Study, launched in 2015, tracks teenage brain development

A still image taken from a University of Colorado Boulder ABCD Study VO video posted to
(Courtesy of University of Colorado Boulder)
A still image taken from a University of Colorado Boulder ABCD Study VO video posted to (Courtesy of University of Colorado Boulder)

University of Colorado Boulder researchers received $11 million from the National Institutes of Health to continue studying brain development and health in teenagers.

Launched in 2015, the Adolescent Brain Cognitive Development study brings together researchers at 21 locations to track the brain development of 11,750 children from ages 9 or 10 until their early 20s.

CU Boulder is working with 565 adolescent participants, most of whom are twins.

Studying twins helps researchers determine how strongly genetics influence behavior and the brain, said John Hewitt, director of the university’s Institute for Behavioral Genetics and co-principal investigator on the study.

“The idea of getting nearly 12,000 kids and imaging their brains and getting an idea of the function of their brain every 2 years over 10 years is way beyond the scope of what we’ve done up to this point,” Hewitt said. “This is a study we’re absolutely thrilled to be part of because of its scope and promise.
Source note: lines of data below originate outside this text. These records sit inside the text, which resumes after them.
lemma uprun_add_desc_at_last:
  assumes "distinct p" "0 \<notin> set p" "\<not> has_double_descent p"
  shows "uprun p + (if desc_at p (length p - 2) then 1 else 0) = 2 * des p + 1"
proof -
  define D where "D = {i. desc_at p i}"
  define turns where
    "turns = {i. Suc i < length p \<and> (((0 # p) ! i < p ! i) \<noteq> (p ! i < p ! Suc i))}"
  have up_before: "(0 # p) ! i < p ! i \<longleftrightarrow> \<not> (0 < i \<and> desc_at p (i - 1))"
    if "Suc i < length p" for i
  proof (cases i)
    case 0
    have "p ! 0 \<in> set p" using that by (intro nth_mem) linarith
    with 0 show ?thesis using assms(2) by (auto intro: gr0I)
  next
    case (Suc k)
    then show ?thesis using assms(1) that less_nth_Suc_iff_not_desc_at[of p k] by simp
  qed
  have "turns = D \<union> Suc ` (D - {length p - 2})"
  proof (rule set_eqI)
    fix i
    have "i \<in> Suc ` (D - {length p - 2}) \<longleftrightarrow> 0 < i \<and> desc_at p (i - 1) \<and> Suc i < length p"
      by (cases i) (auto simp: D_def dest: desc_at_imp_less_length)
    moreover have "0 < i \<Longrightarrow> desc_at p (i - 1) \<Longrightarrow> \<not> desc_at p i"
      using no_desc_at_Suc[OF assms(3), of "i - 1"] by simp
    ultimately show "i \<in> turns \<longleftrightarrow> i \<in> D \<union> Suc ` (D - {length p - 2})"
      using up_before[of i] less_nth_Suc_iff_not_desc_at[OF assms(1), of i]
      by (auto simp: turns_def D_def dest: desc_at_imp_less_length)
  qed
  moreover have "D \<inter> Suc ` (D - {length p - 2}) = {}"
    using no_desc_at_Suc[OF assms(3)] by (auto simp: D_def)
  moreover have "finite D" by (simp add: D_def finite_desc_at)
  ultimately have "card turns = des p + (des p - (if desc_at p (length p - 2) then 1 else 0))"
    by (simp add: card_Un_disjoint card_image card_Diff_singleton_if des_eq_card_desc_at D_def)
  moreover have "uprun p = 1 + card turns"
  proof -
    have "{j. 0 < j \<and> Suc j < length (0 # p) \<and>
        (((0 # p) ! (j - 1) < (0 # p) ! j) \<noteq> ((0 # p) ! j < (0 # p) ! Suc j))} = Suc ` turns"
      by (auto simp: turns_def image_iff gr0_conv_Suc)
    then show ?thesis by (simp add: uprun_def alt_runs_def card_image)
  qed
  ultimately show ?thesis
    using des_pos_if_desc_at[of p "length p - 2"] by auto
qed

text \<open>The number of slots, other than one slot preserving the number of descents, at which
  inserting a new maximum into a word of length m with d descents and no double descents yields
  e descents.\<close>

definition insertion_count :: "nat \<Rightarrow> nat \<Rightarrow> nat \<Rightarrow> nat" where
  "insertion_count m d e = (if e = d then d else if e = Suc d then m - 2 * d else 0)"

context
  fixes p :: "nat list" and x :: nat
  assumes x_max: "\<forall>y\<in>set p. y < x" and no_dd: "\<not> has_double_descent p"
begin

lemma card_slots_with_des_except:
  assumes s: "s = length p \<or> (0 < s \<and> desc_at p (s - 1))"
  shows "card {j. j \<le> length p \<and> \<not> desc_at p j \<and> j \<noteq> s \<and> des (insert_at j x p) = e} =
    insertion_count (length p) (des p) e"
proof -
  define slots where "slots = {j. j \<le> length p \<and> \<not> desc_at p j}"
  define keep where "keep = insert (length p) (Suc ` {i. desc_at p i})"
  have des_child: "des (insert_at j x p) = (if j \<in> keep then des p else Suc (des p))"
    if "j \<le> length p" for j
    using des_insert_at[OF that x_max] by (cases j) (auto simp: keep_def)
  have keep_slots: "keep \<subseteq> slots"
    using no_desc_at_Suc[OF no_dd]
    by (auto simp: keep_def slots_def desc_at_def dest: desc_at_imp_less_length)
  have "slots = {..length p} - {i. desc_at p i}"
    by (auto simp: slots_def dest: desc_at_imp_less_length)
  moreover have "{i. desc_at p i} \<subseteq> {..length p}"
    by (auto dest: desc_at_imp_less_length)
  ultimately have card_slots: "card slots = Suc (length p) - des p"
    by (simp add: card_Diff_subset finite_desc_at des_eq_card_desc_at)
  have "length p \<notin> Suc ` {i. desc_at p i}" by (auto dest: desc_at_imp_less_length)
  then have card_keep: "card keep = Suc (des p)"
    by (simp add: keep_def card_image finite_desc_at des_eq_card_desc_at)
  have s_keep: "s \<in> keep" using s by (auto simp: keep_def image_iff intro: exI[of _ "s - 1"])
  have "{j. j \<le> length p \<and> \<not> desc_at p j \<and> j \<noteq> s \<and> des (insert_at j x p) = e} =
      (if e = des p then keep - {s} else if e = Suc (des p) then slots - keep else {})"
    using keep_slots s_keep by (auto simp: des_child slots_def split: if_splits)
  moreover have "finite keep" by (simp add: keep_def finite_desc_at)
  ultimately show ?thesis
    using keep_slots s_keep card_slots card_keep by (simp add: insertion_count_def card_Diff_subset mult_2)
qed

lemma card_children_desc_at_0:
  assumes "0 < length p"
  shows "card {j. j \<le> length p \<and> \<not> desc_at p j \<and> desc_at (insert_at j x p) 0 \<and>
      des (insert_at j x p) = e} =
    (if desc_at p 0 then insertion_count (length p) (des p) e
     else if e = Suc (des p) then 1 else 0)"
proof (cases "desc_at p 0")
  case True
  have "desc_at (insert_at j x p) 0 \<longleftrightarrow> j \<noteq> 1" if "j \<le> length p" "\<not> desc_at p j" for j
    using that True assms desc_at_0_insert_at[OF _ x_max, of j] by (cases "j = 0") auto
  then have "{j. j \<le> length p \<and> \<not> desc_at p j \<and> desc_at (insert_at j x p) 0 \<and>
      des (insert_at j x p) = e} =
    {j. j \<le> length p \<and> \<not> desc_at p j \<and> j \<noteq> 1 \<and> des (insert_at j x p) = e}"
    by blast
  with True show ?thesis by (simp add: card_slots_with_des_except)
next
  case False
  then have "{j. j \<le> length p \<and> \<not> desc_at p j \<and> desc_at (insert_at j x p) 0 \<and>
      des (insert_at j x p) = e} = (if e = Suc (des p) then {0} else {})"
    using assms desc_at_0_insert_at[OF _ x_max] des_insert_at[OF _ x_max, of 0] by auto
  with False show ?thesis by simp
qed

lemma card_children_desc_at_last:
  assumes "2 \<le> length p"
  shows "card {j. j \<le> length p \<and> \<not> desc_at p j \<and>
      desc_at (insert_at j x p) (length (insert_at j x p) - 2) \<and> des (insert_at j x p) = e} =
    (if desc_at p (length p - 2) then insertion_count (length p) (des p) e
     else if e = Suc (des p) then 1 else 0)"
proof (cases "desc_at p (length p - 2)")
  case True
  then have "{j. j \<le> length p \<and> \<not> desc_at p j \<and>
      desc_at (insert_at j x p) (length (insert_at j x p) - 2) \<and> des (insert_at j x p) = e} =
    {j. j \<le> length p \<and> \<not> desc_at p j \<and> j \<noteq> length p \<and> des (insert_at j x p) = e}"
    using assms desc_at_last_insert_at[OF _ x_max] by auto
  with True show ?thesis by (simp add: card_slots_with_des_except)
next
  case False
  have "j \<le> length p \<and> \<not> desc_at p j \<and> desc_at (insert_at j x p) (length (insert_at j x p) - 2)
      \<longleftrightarrow> j = length p - 1" for j
    using False assms desc_at_last_insert_at[OF _ x_max, of j]
    by (auto dest: desc_at_imp_less_length)
  then have "{j. j \<le> length p \<and> \<not> desc_at p j \<and>
      desc_at (insert_at j x p) (length (insert_at j x p) - 2) \<and> des (insert_at j x p) = e} =
    {j. j = length p - 1 \<and> des (insert_at j x p) = e}"
    by blast
  moreover have "des (insert_at (length p - 1) x p) = Suc (des p)"
    using False assms des_insert_at[OF _ x_max, of "length p - 1"]
    by (simp add: numeral_2_eq_2 Suc_diff_Suc)
  ultimately show ?thesis
    using False by (auto simp: Collect_conv_if)
qed

end

theorem card_RS_desc_at_0_eq_desc_at_last:
  "card {p \<in> RS m. desc_at p 0 \<and> des p = e} =
   card {p \<in> RS m. desc_at p (length p - 2) \<and> des p = e}"
proof (induction m arbitrary: e)
  \<comment> \<open>For m \<le> 2 the truncated index length p - 2 is 0, so both sides count the same set.\<close>
  case 0
  show ?case by (intro arg_cong[where f = card] Collect_cong) (auto dest: RSD(3))
next
  case (Suc m)
  show ?case
  proof (cases "m < 2")
    case True
    then show ?thesis by (intro arg_cong[where f = card] Collect_cong) (auto dest: RSD(3))
  next
    case False
    define f where "f d = insertion_count m d e" for d
    define h where "h d = (if e = Suc d then 1 else 0 :: nat)" for d
    have "card {q \<in> RS (Suc m). desc_at q 0 \<and> des q = e} =
        (\<Sum>p\<in>RS m. if desc_at p 0 then f (des p) else h (des p))"
      unfolding card_RS_Suc
    proof (rule sum.cong[OF refl])
      fix p assume "p \<in> RS m"
      note hyps = RS_max_less_Suc[OF this] no_double_descent_RS[OF this] RSD(3)[OF this]
      from False show "card {j. j \<le> m \<and> \<not> desc_at p j \<and>
          desc_at (insert_at j (Suc m) p) 0 \<and> des (insert_at j (Suc m) p) = e} =
        (if desc_at p 0 then f (des p) else h (des p))"
        using card_children_desc_at_0[OF hyps(1,2), of e] hyps(3)
        by (simp add: f_def h_def)
    qed
    also have "\<dots> = (\<Sum>p\<in>RS m. if desc_at p (length p - 2) then f (des p) else h (des p))"
      by (rule sum_if_eq_of_card_fibres_eq[OF finite_RS Suc.IH])
    also have "\<dots> = card {q \<in> RS (Suc m). desc_at q (length q - 2) \<and> des q = e}"
      unfolding card_RS_Suc
    proof (rule sum.cong[OF refl])
      fix p assume "p \<in> RS m"
      note hyps = RS_max_less_Suc[OF this] no_double_descent_RS[OF this] RSD(3)[OF this]
      from False show "(if desc_at p (length p - 2) then f (des p) else h (des p)) =
        card {j. j \<le> m \<and> \<not> desc_at p j \<and>
          desc_at (insert_at j (Suc m) p) (length (insert_at j (Suc m) p) - 2) \<and>
          des (insert_at j (Suc m) p) = e}"
        using card_children_desc_at_last[OF hyps(1,2), of e] hyps(3)
        by (simp add: f_def h_def)
    qed
    finally show ?thesis .
  qed
qed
It’s funded at a level that makes it really substantial and there’s going to be real knowledge from it.”

Beyond the functional magnetic resonance imaging scans, researchers gather information through interviews, behavioral assessments, physiological and cognitive tests and by collecting blood, saliva and even baby teeth.

So far, 32 studies have been published based on two datasets produced by the study in its early stages.
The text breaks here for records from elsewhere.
lemma C_mat_symmetric:
  assumes "i < n" "j < n"
  shows "C_mat \<alpha> p n $$ (i,j) = C_mat \<alpha> p n $$ (j,i)"
proof -
  obtain B where "B \<in> carrier_mat n n" "C_mat \<alpha> p n = transpose_mat B * B"
    using C_mat_factorization by metis
  then have "transpose_mat (C_mat \<alpha> p n) = C_mat \<alpha> p n" by (simp add: transpose_mult)
  then show ?thesis using assms C_mat_carrier[of n] by (metis carrier_matD index_transpose_mat(1))
qed

lemma checkerboard_C_mat: "checkerboard (C_mat \<alpha> p n)"
proof -
  obtain B where B: "B \<in> carrier_mat n n" "A_mat \<alpha> p n * B = 1\<^sub>m n" "B * A_mat \<alpha> p n = 1\<^sub>m n"
    "C_mat \<alpha> p n = transpose_mat B * B"
    using C_mat_factorization by metis
  have "checkerboard B"
    using checkerboard_inverse[OF A_mat_carrier B(1-3) checkerboard_A_mat] .
  then show ?thesis
    unfolding B(4) using B(1) by (intro checkerboard_mult checkerboard_transpose) auto
qed

lemma ip_pderiv_p_eq_mat_app:
  assumes q: "degree q \<le> n" and i: "i < n"
  shows "ip (pderiv q) (p i) = mat_app (A_mat \<alpha> p n) n (\<lambda>j. ip q (p (Suc j))) i"
proof -
  have "pderiv q = (\<Sum>k\<le>n. Polynomial.smult (ip q (p k)) (pderiv (p k)))"
    by (subst p_expansion[OF q]) (simp add: higher_pderiv_sum[of 1, simplified] pderiv_smult)
  then have "ip (pderiv q) (p i) = (\<Sum>k\<le>n. ip q (p k) * ip (pderiv (p k)) (p i))"
    by (simp add: ip_sum_left ip_smult_left)
  also have "\<dots> = (\<Sum>j<n. ip q (p (Suc j)) * ip (pderiv (p (Suc j))) (p i))"
    using degree_p[of 0] pderiv_eq_0_iff[of "p 0"] by (simp add: sum.atMost_shift)
  also have "\<dots> = mat_app (A_mat \<alpha> p n) n (\<lambda>j. ip q (p (Suc j))) i"
    unfolding mat_app_def using i by (intro sum.cong) (auto simp: A_mat_index)
  finally show ?thesis .
qed

lemma ip_pderiv_self_eq_sum_sq:
  assumes "degree q \<le> n" "n \<ge> 1"
  shows "ip (pderiv q) (pderiv q) = sum_sq n (\<lambda>i. ip (pderiv q) (p i))"
proof -
  have "degree (pderiv q) \<le> n - 1" using assms(1) by (simp add: degree_pderiv)
  then have "ip (pderiv q) (pderiv q) = (\<Sum>i\<le>n-1. (ip (pderiv q) (p i))\<^sup>2)" by (rule parseval)
  also have "{..n-1} = {..<n}" using assms(2) by auto
  finally show ?thesis unfolding sum_sq_def .
qed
Researchers have now gathered baseline data, and the next seven years will focus on how brains change during the teenage years, said Marie Banich, executive director of Intermountain Neuroimaging Center at CU Boulder and co-principal investigator.

“It’s like watching a time-lapse movie of the brains of thousands of kids developing over time. The sheer scope and richness of the data we are collecting is incredible,” Banich said in a statement.

The in-person testing and evaluation was stopped because of the coronavirus pandemic, Hewitt said, but researchers plan to resume limited in-person meetings in July.

“We depend on and are grateful to the families who are making this commitment over the course of 10 years or more,” Hewitt said. “It will define our understanding of the adolescent brain and cognitive development.”